In this chapter he also discusses the idiomatic nature of language, that is, language is much more idiomatic than we might believe. Said another way, language is more metaphorical and less literal than traditionally assumed. This fits into The Lexical Approach hand-in-glove because its main thrust is how words go together to create meaning.

Chapter 6 is called “Lexis in the Syllabus” and here he discusses the content of a Lexical Approach course book. The Lexical Approach emphasises delexicalized words, which are words which alone don’t have much meaning, such as “get”, “have” and “point”, but which have rich collocation fields, for example, you can say “get better”, “have fun” and “make a point”. This type of word generally requires much more attention in class than words with a high meaning content such as “telescope” or “oxidize”.
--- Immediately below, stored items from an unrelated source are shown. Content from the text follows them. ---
(* Let $c \ge 1$ be an integer, let $m = 5c$, and let $f(x) = x^{5c} + x^{3c} + x^{2c} + x^{c} + 1 \in \mathbb{F}_2[x]$. There is a fixed, input-independent straight-line program using no AND operations and exactly $12c - 1 = \frac{12}{5}m - 1$ two-input XOR operations which, on input the coefficient bits $d_0,\dots,d_{2m-2}$ of an arbitrary polynomial $D(x)=\sum_{i=0}^{2m-2} d_i x^i \in \mathbb{F}_2[x]$ of degree at most $2m-2$, outputs the $m$ coefficient bits of the remainder of $D$ upon division by $f$.
   Context: A straight-line program over $\mathbb{F}_2$ here is a sequence of gates, each computing the XOR (sum in $\mathbb{F}_2$) of two values that are either input bits or outputs of earlier gates; each output bit is an input bit or a gate output. The number of XOR operations is the number of gates. *)

theory Defs
  imports "HOL-Library.Z2" "HOL-Computational_Algebra.Polynomial"
begin

text \<open>XOR straight-line programs over GF(2) (type bit).
  Wires 0..n-1 are the input bits; wire n+j is the output of gate j.
  A gate (a,b) computes the XOR (sum in GF(2)) of wires a and b.\<close>

type_synonym gate = "nat \<times> nat"

definition wire_val :: "nat \<Rightarrow> (nat \<Rightarrow> bit) \<Rightarrow> bit list \<Rightarrow> nat \<Rightarrow> bit" where
  "wire_val n x vs w = (if w < n then x w else vs ! (w - n))"

definition gate_vals :: "nat \<Rightarrow> (nat \<Rightarrow> bit) \<Rightarrow> gate list \<Rightarrow> bit list" where
  "gate_vals n x gs =
     fold (\<lambda>(a, b) vs. vs @ [wire_val n x vs a + wire_val n x vs b]) gs []"

definition valid_slp :: "nat \<Rightarrow> gate list \<Rightarrow> nat list \<Rightarrow> bool" where
  "valid_slp n gs outs \<longleftrightarrow>
     (\<forall>j < length gs. fst (gs ! j) < n + j \<and> snd (gs ! j) < n + j) \<and>
     (\<forall>w \<in> set outs. w < n + length gs)"

definition slp_outputs :: "nat \<Rightarrow> gate list \<Rightarrow> nat list \<Rightarrow> (nat \<Rightarrow> bit) \<Rightarrow> bit list" where
  "slp_outputs n gs outs x = map (wire_val n x (gate_vals n x gs)) outs"

end

theory Submission
  imports Defs
begin

text \<open>Put \<open>y = x^c\<close>, so that \<open>f = y^5 + y^3 + y^2 + y + 1\<close>, and cut \<open>D\<close> into ten blocks of \<open>c\<close>
  coefficients, \<open>D = (\<Sum>j<10. B j * y^j)\<close> with \<open>degree (B j) < c\<close>. Reducing \<open>y^5, \<dots>, y^9\<close>
  modulo \<open>f\<close> turns \<open>D\<close> into \<open>\<Sum>q<5. R q * y^q\<close> with every \<open>R q\<close> a sum of some of the
  blocks; as the \<open>R q\<close> still have degree \<open>< c\<close>, this is the remainder, and its coefficient
  \<open>q * c + p\<close> is the XOR of coefficient \<open>p\<close> of those blocks. For each position \<open>p\<close> the five
  sums share \<open>B 5 + B 6\<close> and \<open>B 7 + B 9\<close> and cost 12 XORs; at \<open>p = c - 1\<close> the block \<open>B 9\<close> has
  no coefficient (it would be \<open>d (10 * c - 1)\<close>), which saves one gate. One copy of this column
  circuit per position gives \<open>12 * c - 1\<close> gates.\<close>

definition block :: "(nat \<Rightarrow> 'a::comm_monoid_add) \<Rightarrow> nat \<Rightarrow> nat \<Rightarrow> 'a poly" where
  "block a c j = (\<Sum>p<c. monom (a (j * c + p)) p)"

lemma coeff_sum_monom:
  "coeff (\<Sum>k<N. monom (a k) k) n = (if n < N then a n else 0)"
  by (simp add: coeff_sum coeff_monom)

lemma sum_monom_extend:
  "N \<le> M \<Longrightarrow> (\<Sum>k<N. monom (a k) k) = (\<Sum>k<M. monom (if k < N then a k else 0) k)"
  by (rule poly_eqI) (simp add: coeff_sum_monom)

lemma degree_sum_monom_less:
  assumes "N > 0"
  shows "degree (\<Sum>k<N. monom (a k) k) < N"
proof -
  have "degree (\<Sum>k<N. monom (a k) k) \<le> N - 1"
    by (rule degree_le) (auto simp: coeff_sum_monom)
  then show ?thesis using assms by linarith
qed
definition is_hom :: "'r set \<Rightarrow> ('x \<Rightarrow> 'y) \<Rightarrow> ('x, 'r) struc \<Rightarrow> ('y, 'r) struc \<Rightarrow> bool" where
  "is_hom sig h X Y \<longleftrightarrow> h ` univ X \<subseteq> univ Y \<and> (\<forall>R\<in>sig. \<forall>t\<in>rels X R. map h t \<in> rels Y R)"

lemma hom_exists_iff_is_hom: "hom_exists sig X A \<longleftrightarrow> (\<exists>h. is_hom sig h X A)"
  by (simp add: hom_exists_def is_hom_def)

lemma is_hom_comp: "is_hom sig g X Y \<Longrightarrow> is_hom sig h Y Z \<Longrightarrow> is_hom sig (h \<circ> g) X Z"
  by (auto simp: is_hom_def image_subset_iff simp flip: map_map)

lemma hom_exists_trans: "is_hom sig g X Y \<Longrightarrow> hom_exists sig Y A \<Longrightarrow> hom_exists sig X A"
  using is_hom_comp by (metis hom_exists_iff_is_hom)

section \<open>Integral solutions of the basic LP\<close>

text \<open>A solution of BLP(X, A) with values in (1/k)\<int>, multiplied by k: the multisets M x and
  T R xs of size k record k p_x and k p_R(xs).\<close>
definition mset_solution ::
  "'r set \<Rightarrow> ('r \<Rightarrow> nat) \<Rightarrow> ('x, 'r) struc \<Rightarrow> ('a, 'r) struc \<Rightarrow> nat \<Rightarrow>
   ('x \<Rightarrow> 'a multiset) \<Rightarrow> ('r \<Rightarrow> 'x list \<Rightarrow> 'a list multiset) \<Rightarrow> bool" where
  "mset_solution sig ar X A k M T \<longleftrightarrow>
     (\<forall>x\<in>univ X. size (M x) = k \<and> set_mset (M x) \<subseteq> univ A) \<and>
     (\<forall>R\<in>sig. \<forall>xs\<in>rels X R. size (T R xs) = k \<and> set_mset (T R xs) \<subseteq> rels A R \<and>
        (\<forall>i<ar R. image_mset (\<lambda>t. t ! i) (T R xs) = M (xs ! i)))"

lemma hom_exists_if_mset_solution:
  assumes X: "is_struc sig ar X"
    and f: "is_polymorphism sig ar A k f" "is_symmetric A k f"
    and sol: "mset_solution sig ar X A k M T"
  shows "hom_exists sig X A"
proof -
  define h where "h x = f (list_of_mset (M x))" for x
  have M_tuple: "list_of_mset (M x) \<in> tuples A k" if "x \<in> univ X" for x
    using sol that by (simp add: mset_solution_def tuples_def)
  have "h ` univ X \<subseteq> univ A"
    using f(1) M_tuple by (auto simp: is_polymorphism_def h_def)
  moreover have "map h xs \<in> rels A R" if R: "R \<in> sig" and xs: "xs \<in> rels X R" for R xs
  proof -
    define ts where "ts = list_of_mset (T R xs)"
    have xs_len: "length xs = ar R" and xs_set: "set xs \<subseteq> univ X"
      using X R xs by (auto simp: is_struc_def)
    have "length ts = k" "set ts \<subseteq> rels A R"
      using sol R xs by (auto simp: mset_solution_def ts_def)
    then have poly: "map (\<lambda>i. f (map (\<lambda>t. t ! i) ts)) [0..<ar R] \<in> rels A R"
      using f(1) R by (simp add: is_polymorphism_def)
    have "f (map (\<lambda>t. t ! i) ts) = h (xs ! i)" if i: "i < ar R" for i
    proof -
      have "mset (map (\<lambda>t. t ! i) ts) = mset (list_of_mset (M (xs ! i)))"
        using sol R xs i by (simp add: mset_solution_def ts_def)
      moreover have "xs ! i \<in> univ X" using xs_len xs_set i by auto
      ultimately show ?thesis
        unfolding h_def using symmetric_eq_if_mset_eq[OF f(2) M_tuple] by blast
    qed
    then have "map h xs = map (\<lambda>i. f (map (\<lambda>t. t ! i) ts)) [0..<ar R]"
      using xs_len by (auto intro: nth_equalityI)
    with poly show ?thesis by simp
  qed
  ultimately show ?thesis unfolding hom_exists_def by blast
qed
Chapter 7, “Lexis in Language Teaching”, is perhaps the most practical chapter in the book. He mentions collocation boxes, where, for example, 5 words which collocate with a keyword are matched; and the use of clozes where the key word in a collocation is deleted. This chapter also discusses what he calls “an embarrassing statistic”: we now know that competent speakers need to know how words combine, which means they need to know far more vocabulary, or rather lexis, than we once thought. This means more emphasis on lexis and a greater memory load for the students: they have to work.
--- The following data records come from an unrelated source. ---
(* Let $g_2,g_3\in\mathbb{R}$ with $\Delta=g_2^3-27g_3^2>0$, and let $w$ (real, $w>0$) and $w'$ (purely imaginary, $\mathrm{Im}\,w'>0$) be the fundamental half-periods of the associated Weierstrass functions. Define \[ \widetilde{\Psi}_x(k)=\frac{\sigma(x+k+w')}{\sigma(x+w')\sigma(k)}e^{-\zeta(k)x-\zeta(w')k},\qquad \widetilde{\Psi}_x(k,l)=\frac{\sigma(x+k+l+w')}{\sigma(x+w')\sigma(k+l)}e^{-(\zeta(k)+\zeta(l))x-\zeta(w')(k+l)}. \] Then $\widetilde{\Psi}_x(k)$ and $\widetilde{\Psi}_x(k,l)$ are real-valued (wherever defined) when $x,k,l\in\mathbb{R}$.
   Context: $\sigma,\zeta,\wp$ are the Weierstrass sigma, zeta and elliptic functions with invariants $g_2,g_3$, i.e. $(\wp')^2=4\wp^3-g_2\wp-g_3$, $\zeta=\sigma'/\sigma$, $\wp=-\zeta'$, with period lattice generated by $2w,2w'$. *)

theory Defs
  imports "HOL-Analysis.Analysis"
begin

definition lattice :: "complex \<Rightarrow> complex \<Rightarrow> complex set" where
  "lattice w w' = {2 * of_int m * w + 2 * of_int n * w' | m n. True}"

text \<open>Weierstrass sigma function of the lattice generated by 2w, 2w', defined by its
  Weierstrass product, taken as the limit over the squares |m|,|n| <= N
  (the product converges absolutely, so this is the usual sigma function).\<close>
definition wsigma :: "complex \<Rightarrow> complex \<Rightarrow> complex \<Rightarrow> complex" where
  "wsigma w w' z = lim (\<lambda>N::nat. z *
     (\<Prod>\<omega> \<in> {2 * of_int m * w + 2 * of_int n * w' | m n. \<bar>m\<bar> \<le> int N \<and> \<bar>n\<bar> \<le> int N} - {0}.
        (1 - z / \<omega>) * exp (z / \<omega> + z\<^sup>2 / (2 * \<omega>\<^sup>2))))"

definition wzeta :: "complex \<Rightarrow> complex \<Rightarrow> complex \<Rightarrow> complex" where
  "wzeta w w' z = deriv (wsigma w w') z / wsigma w w' z"

definition wp :: "complex \<Rightarrow> complex \<Rightarrow> complex \<Rightarrow> complex" where
  "wp w w' z = - deriv (wzeta w w') z"

definition Psi1 :: "complex \<Rightarrow> complex \<Rightarrow> complex \<Rightarrow> complex \<Rightarrow> complex" where
  "Psi1 w w' x k =
     wsigma w w' (x + k + w') / (wsigma w w' (x + w') * wsigma w w' k)
     * exp (- wzeta w w' k * x - wzeta w w' w' * k)"

definition Psi2 :: "complex \<Rightarrow> complex \<Rightarrow> complex \<Rightarrow> complex \<Rightarrow> complex \<Rightarrow> complex" where
  "Psi2 w w' x k l =
     wsigma w w' (x + k + l + w') / (wsigma w w' (x + w') * wsigma w w' (k + l))
     * exp (- (wzeta w w' k + wzeta w w' l) * x - wzeta w w' w' * (k + l))"

end

theory Submission
  imports Defs "HOL-Complex_Analysis.Complex_Analysis"
begin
The rest of the book, chapters 8 to 13, continue explaining the ins-and-outs of the Lexical Approach. Unit 8 is called “Grammar Content in the Lexical Approach” and here the shortcomings of traditional grammar teaching are pointed out and the term “word grammar” is introduced. Traditional grammar tends to receive less emphasis in the Lexical Approach, except in the lower levels where students need generative structures to get them going, but after that word grammar is stressed, that is, the set of patterns in which a word occurs.

Chapter 9 is “Explanation and Practice in the Lexical Approach”. Less time is given for explanation (or teaching) and more to “consciousness raising”. This means exposing the students to large amounts of quality language and raising their awareness of how the words go together, but without forcing production as in PPP.

Chapter 10 is called “The Nature of Error”. Here he says, among other things, that we can’t expect perfection from our students. In fact, most of them remain intermediate-level their whole lives. “Successful communication” is valued over formal accuracy.

In chapter 11, “Responding to Error”, he advocates feedback rather than direct correction. When speaking, students’ utterances can be reformulated; in writing written feedback is given.

Chapter 12 is “The Role of Materials”. He mentions dictionaries as an under-used resource. He also mentions that since few books really use the Lexical Approach, they have to be adapted and the students trained to notice interesting and useful collocations in the texts. So learner-training is important.

The last chapter is called, “Teaching, Teacher Training and Methodological Implications”. This is a good summary of many points raised earlier. One point I particularly like is when he says “Language lessons are a combination of input, awareness-raising, learner-training, and language practice”, which I think is a nice summary of the Lexical Approach.

I hope you’ve found this interesting. I’m just sorry that I’ve only been able to give you a taste of the book. I highly recommend it to anybody interested in the issues I’ve mentioned, and especially to more experienced teachers.

This book is mainly about the “why” of the lexical approach. If you’re more interested in the “how”, that is, how to implement it, then you should read Implementing the Lexical Approach, which also is excellent. So, is the Lexical Approach “a way forward”? I recommend you read this thought-provoking book and decide for yourself.